Problem requirements: All of the data below must be repeated exactly.

──────── Material supplied ────────

(* Let $\Omega\subset\mathbb{R}^n$ ($n\ge1$) be a bounded domain, $T>0$, $\delta\in(0,1)\cup(1,2)$, $\bar Q:=\bar\Omega\times[0,T]$ and $Q:=\Omega\times(0,T]$. Let $u$ be a classical solution of the initial-boundary value problem described in the context, and suppose $u\in C^{2,\bar\delta}(\bar Q)$. Then the initial value $\phi_0$ satisfies $L_0\phi_0(x)=f(x,0)$ for all $x\in\Omega$, where \[ L_0w(x):=-\sum_{i,j=1}^n p_{ij}(x,0)\frac{\partial^2 w}{\partial x_i\partial x_j}(x)+\sum_{i=1}^n q_i(x,0)\frac{\partial w}{\partial x_i}(x)+r(x,0)w(x). \]
   Context: Set $\bar\delta=1$ if $0<\delta<1$ and $\bar\delta=2$ if $1<\delta<2$. The Caputo fractional derivative is \[ D_t^\delta g(x,t):=\frac{1}{\Gamma(\bar\delta-\delta)}\int_0^t (t-s)^{\bar\delta-\delta-1}\,\frac{\partial^{\bar\delta}g(x,s)}{\partial s^{\bar\delta}}\,ds,\qquad x\in\Omega,\ 0<t\le T. \] The problem is: $D_t^\delta u-\sum_{i,j=1}^n p_{ij}(x,t)\,\partial^2u/\partial x_i\partial x_j+\sum_{i=1}^n q_i(x,t)\,\partial u/\partial x_i+r(x,t)u=f(x,t)$ for $(x,t)\in Q$; $u(x,t)=\psi(x,t)$ for $(x,t)\in\partial\Omega\times(0,T]$; $u(x,0)=\phi_0(x)$ for $x\in\bar\Omega$; and, only when $1<\delta<2$, $u_t(x,0)=\phi_1(x)$ for $x\in\Omega$. The spatial operator is uniformly elliptic on $Q$; $p_{ij},q_i,r,\psi,\phi_0,\phi_1$ are continuous on the closures of their domains; $f$ is continuous on $\bar Q$; and $\phi_0(x)=\psi(x,0)$ for all $x\in\partial\Omega$. A classical solution is a function $u$ continuous on $\bar Q$ for which $D_t^\delta u$, $\partial u/\partial x_i$, $\partial^2u/\partial x_i\partial x_j$ exist at every point of $Q$ and the equation and conditions hold pointwise. $C^{2,\bar\delta}(\bar Q)$ denotes the set of $w\in C(\bar Q)$ such that $\partial w/\partial x_i$, $\partial^2w/\partial x_i\partial x_j$ ($1\le i,j\le n$) and $\partial^k w/\partial t^k$ for $k=1,\bar\delta$ all lie in $C(\bar Q)$. *)

theory Defs
  imports "HOL-Analysis.Analysis"
begin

────────

Solution to this problem:
(* Let $\Omega\subset\mathbb{R}^n$ ($n\ge1$) be a bounded domain, $T>0$, $\delta\in(0,1)\cup(1,2)$, $\bar Q:=\bar\Omega\times[0,T]$ and $Q:=\Omega\times(0,T]$. Let $u$ be a classical solution of the initial-boundary value problem described in the context, and suppose $u\in C^{2,\bar\delta}(\bar Q)$. Then the initial value $\phi_0$ satisfies $L_0\phi_0(x)=f(x,0)$ for all $x\in\Omega$, where \[ L_0w(x):=-\sum_{i,j=1}^n p_{ij}(x,0)\frac{\partial^2 w}{\partial x_i\partial x_j}(x)+\sum_{i=1}^n q_i(x,0)\frac{\partial w}{\partial x_i}(x)+r(x,0)w(x). \]
   Context: Set $\bar\delta=1$ if $0<\delta<1$ and $\bar\delta=2$ if $1<\delta<2$. The Caputo fractional derivative is \[ D_t^\delta g(x,t):=\frac{1}{\Gamma(\bar\delta-\delta)}\int_0^t (t-s)^{\bar\delta-\delta-1}\,\frac{\partial^{\bar\delta}g(x,s)}{\partial s^{\bar\delta}}\,ds,\qquad x\in\Omega,\ 0<t\le T. \] The problem is: $D_t^\delta u-\sum_{i,j=1}^n p_{ij}(x,t)\,\partial^2u/\partial x_i\partial x_j+\sum_{i=1}^n q_i(x,t)\,\partial u/\partial x_i+r(x,t)u=f(x,t)$ for $(x,t)\in Q$; $u(x,t)=\psi(x,t)$ for $(x,t)\in\partial\Omega\times(0,T]$; $u(x,0)=\phi_0(x)$ for $x\in\bar\Omega$; and, only when $1<\delta<2$, $u_t(x,0)=\phi_1(x)$ for $x\in\Omega$. The spatial operator is uniformly elliptic on $Q$; $p_{ij},q_i,r,\psi,\phi_0,\phi_1$ are continuous on the closures of their domains; $f$ is continuous on $\bar Q$; and $\phi_0(x)=\psi(x,0)$ for all $x\in\partial\Omega$. A classical solution is a function $u$ continuous on $\bar Q$ for which $D_t^\delta u$, $\partial u/\partial x_i$, $\partial^2u/\partial x_i\partial x_j$ exist at every point of $Q$ and the equation and conditions hold pointwise. $C^{2,\bar\delta}(\bar Q)$ denotes the set of $w\in C(\bar Q)$ such that $\partial w/\partial x_i$, $\partial^2w/\partial x_i\partial x_j$ ($1\le i,j\le n$) and $\partial^k w/\partial t^k$ for $k=1,\bar\delta$ all lie in $C(\bar Q)$. *)

theory Defs
  imports "HOL-Analysis.Analysis"
begin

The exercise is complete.